Sunday, August 11, 2019

KISII REPORT - THE LORENA ROCKET STOVE


In many parts of the developing world, food is still cooked using
The Orphanage Cooks Preparing a Meal
Outside Using the Three Rock System
the “Three Rock” system. What is the three rock system? It is just as it sounds—three rocks spaced just right for a kettle to sit on top and a wood fire beneath. It’s the system we sometimes use when we are camping, and it is the system that they were using at the orphanage when I have visited them.

It works fine, except that most of the heat is lost so that it is not used at all for cooking. This way of cooking uses a lot of wood. In an area such as in Kisii, where most of the land is used for crops, firewood is not cheap. Money that instead could be used to buy food literally “goes up in smoke.”

My friend Benjamin's daughter cooking us a meal

And that is another thing about the Three Rock system. If the weather is rainy and obligates you to cook indoors, the room fills with smoke, making it nearly impossible to breathe. I was told that many women in Kenya have lung problems from a lifetime of breathing smoke from the fires as they cooked the meals.

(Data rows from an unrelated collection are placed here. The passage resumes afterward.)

fun fsem :: "'v fml \<Rightarrow> 'v state set"
and psem :: "'v hp \<Rightarrow> ('v state \<times> 'v state) set" where
  "fsem (Geq t u) = {s. tsem t s \<ge> tsem u s}"
| "fsem (Not p) = - fsem p"
| "fsem (And p q) = fsem p \<inter> fsem q"
| "fsem (Exists x p) = {s. \<exists>r. s(x := r) \<in> fsem p}"
| "fsem (Box a p) = {s. \<forall>s'. (s, s') \<in> psem a \<longrightarrow> s' \<in> fsem p}"
| "psem (Assign x t) = {(s, s(x := tsem t s)) | s. True}"
| "psem (AssignAny x) = {(s, s(x := r)) | s r. True}"
| "psem (Test p) = {(s, s) | s. s \<in> fsem p}"
| "psem (ODE eqs Q) = {(s, s') | s s'. \<exists>(r::real) (\<phi>::real \<Rightarrow> 'v state).
       0 \<le> r \<and> \<phi> 0 = s \<and> \<phi> r = s' \<and>
       (\<forall>t\<in>{0..r}. \<phi> t \<in> fsem Q) \<and>
       (\<forall>t\<in>{0..r}. \<forall>(x, \<theta>)\<in>set eqs.
           ((\<lambda>\<tau>. \<phi> \<tau> x) has_real_derivative tsem \<theta> (\<phi> t)) (at t within {0..r})) \<and>
       (\<forall>t\<in>{0..r}. \<forall>y. y \<notin> fst ` set eqs \<longrightarrow> \<phi> t y = s y)}"
| "psem (Seq a b) = psem a O psem b"
| "psem (Choice a b) = psem a \<union> psem b"
| "psem (Loop a) = (psem a)\<^sup>*"

fun tFV :: "'v trm \<Rightarrow> 'v set" where
  "tFV (Var x) = {x}"
| "tFV (Const c) = {}"
| "tFV (Neg t) = tFV t"
| "tFV (Plus t u) = tFV t \<union> tFV u"
| "tFV (Times t u) = tFV t \<union> tFV u"

fun MBV :: "'v hp \<Rightarrow> 'v set" where
  "MBV (Assign x t) = {x}"
| "MBV (AssignAny x) = {x}"
| "MBV (Test p) = {}"
| "MBV (ODE eqs Q) = fst ` set eqs"
| "MBV (Seq a b) = MBV a \<union> MBV b"
| "MBV (Choice a b) = MBV a \<inter> MBV b"
| "MBV (Loop a) = {}"

fun fFV :: "'v fml \<Rightarrow> 'v set"
and FV :: "'v hp \<Rightarrow> 'v set" where
  "fFV (Geq t u) = tFV t \<union> tFV u"
| "fFV (Not p) = fFV p"
| "fFV (And p q) = fFV p \<union> fFV q"
| "fFV (Exists x p) = fFV p - {x}"
| "fFV (Box a p) = FV a \<union> (fFV p - MBV a)"
| "FV (Assign x t) = tFV t"
| "FV (AssignAny x) = {}"
| "FV (Test p) = fFV p"
| "FV (ODE eqs Q) = fst ` set eqs \<union> (\<Union>(x, \<theta>)\<in>set eqs. tFV \<theta>) \<union> fFV Q"
| "FV (Seq a b) = FV a \<union> (FV b - MBV a)"
| "FV (Choice a b) = FV a \<union> FV b"
| "FV (Loop a) = FV a"
lemma tpow3_sum_le_nonneg_threshold:
  fixes x y z a b c s :: real
  assumes nn: "0 \<le> x" "0 \<le> y" "0 \<le> z" "0 \<le> a" "0 \<le> b" "0 \<le> c"
    and mx: "max a (max b c) \<le> max x (max y z)" and "0 \<le> s"
    and e2: "x^2 + y^2 + z^2 = a^2 + b^2 + c^2"
    and e3: "x^3 + y^3 + z^3 = a^3 + b^3 + c^3"
  shows "tpow 3 s a + tpow 3 s b + tpow 3 s c \<le> tpow 3 s x + tpow 3 s y + tpow 3 s z"
proof -
  obtain x' y' z' where X: "\<And>h :: real \<Rightarrow> real. h x + h y + h z = h x' + h y' + h z'" "y' \<le> x'" "z' \<le> y'"
    "x' = max x (max y z)" "z' = min x (min y z)" using sort_three[of x y z] by blast
  obtain a' b' c' where A: "\<And>h :: real \<Rightarrow> real. h a + h b + h c = h a' + h b' + h c'" "b' \<le> a'" "c' \<le> b'"
    "a' = max a (max b c)" "c' = min a (min b c)" using sort_three[of a b c] by blast
  have "tpow 3 s a' + tpow 3 s b' + tpow 3 s c' \<le> tpow 3 s x' + tpow 3 s y' + tpow 3 s z'"
  proof (rule tpow3_sum_le_sorted)
    show "0 \<le> z'" "0 \<le> c'" using X(5) A(5) nn by auto
    show "a' \<le> x'" using X(4) A(4) mx by simp
    show "x'^2 + y'^2 + z'^2 = a'^2 + b'^2 + c'^2"
      using e2 X(1)[of "\<lambda>v. v^2"] A(1)[of "\<lambda>v. v^2"] by simp
    show "x'^3 + y'^3 + z'^3 = a'^3 + b'^3 + c'^3"
      using e3 X(1)[of "\<lambda>v. v^3"] A(1)[of "\<lambda>v. v^3"] by simp
  qed (use X(2,3) A(2,3) \<open>0 \<le> s\<close> in auto)
  then show ?thesis using X(1)[of "tpow 3 s"] A(1)[of "tpow 3 s"] by simp
qed

lemma tpow3_reflect:
  fixes s t :: real assumes "0 \<le> t" "0 < s"
  shows "tpow 3 (-s) t + tpow 3 (-s) (-t) = 2 * s^3 + 6 * s * t^2 + tpow 3 s t"
  using assms
  by (cases "s \<le> t") (simp_all add: tpow_def max_def power2_eq_square power3_eq_cube algebra_simps)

I went in, but did not stay inside long
So when I went to Kenya the last time, I brought to them plans to make a “Lorena Stove,” as we called them in Latin America. These are simple stoves that are inexpensive to build, mostly out of rammed earth. Our son Matthew helped a number of people build Lorena Stoves when he was in the Peace Corps in Panama.
I call the stoves “simple,” but they are actually quite technologically advanced. Some are built in such a way that most of the combustion heat is directed at the cooking pot and almost none is lost up the stovepipe. (Check it out— https://www.appropedia.org/Rocket_Lorena_Stove )
I do not know where this Lorena Stove was made.
I pulled the image from the internet

When I went to visit the orphanage last February, I brought some plans and diagrams for making a Lorena Stove, and explained to them the benefits of it. I do not actually know for sure if it was a new concept to them. They may have known about it before I brought the information, but I may have at least planted a seed of thinking. I remember thinking that I wished it was possible for me to stay there for perhaps at least a couple of months to help them to begin some of these projects and ideas that I brought to them (there were others as well).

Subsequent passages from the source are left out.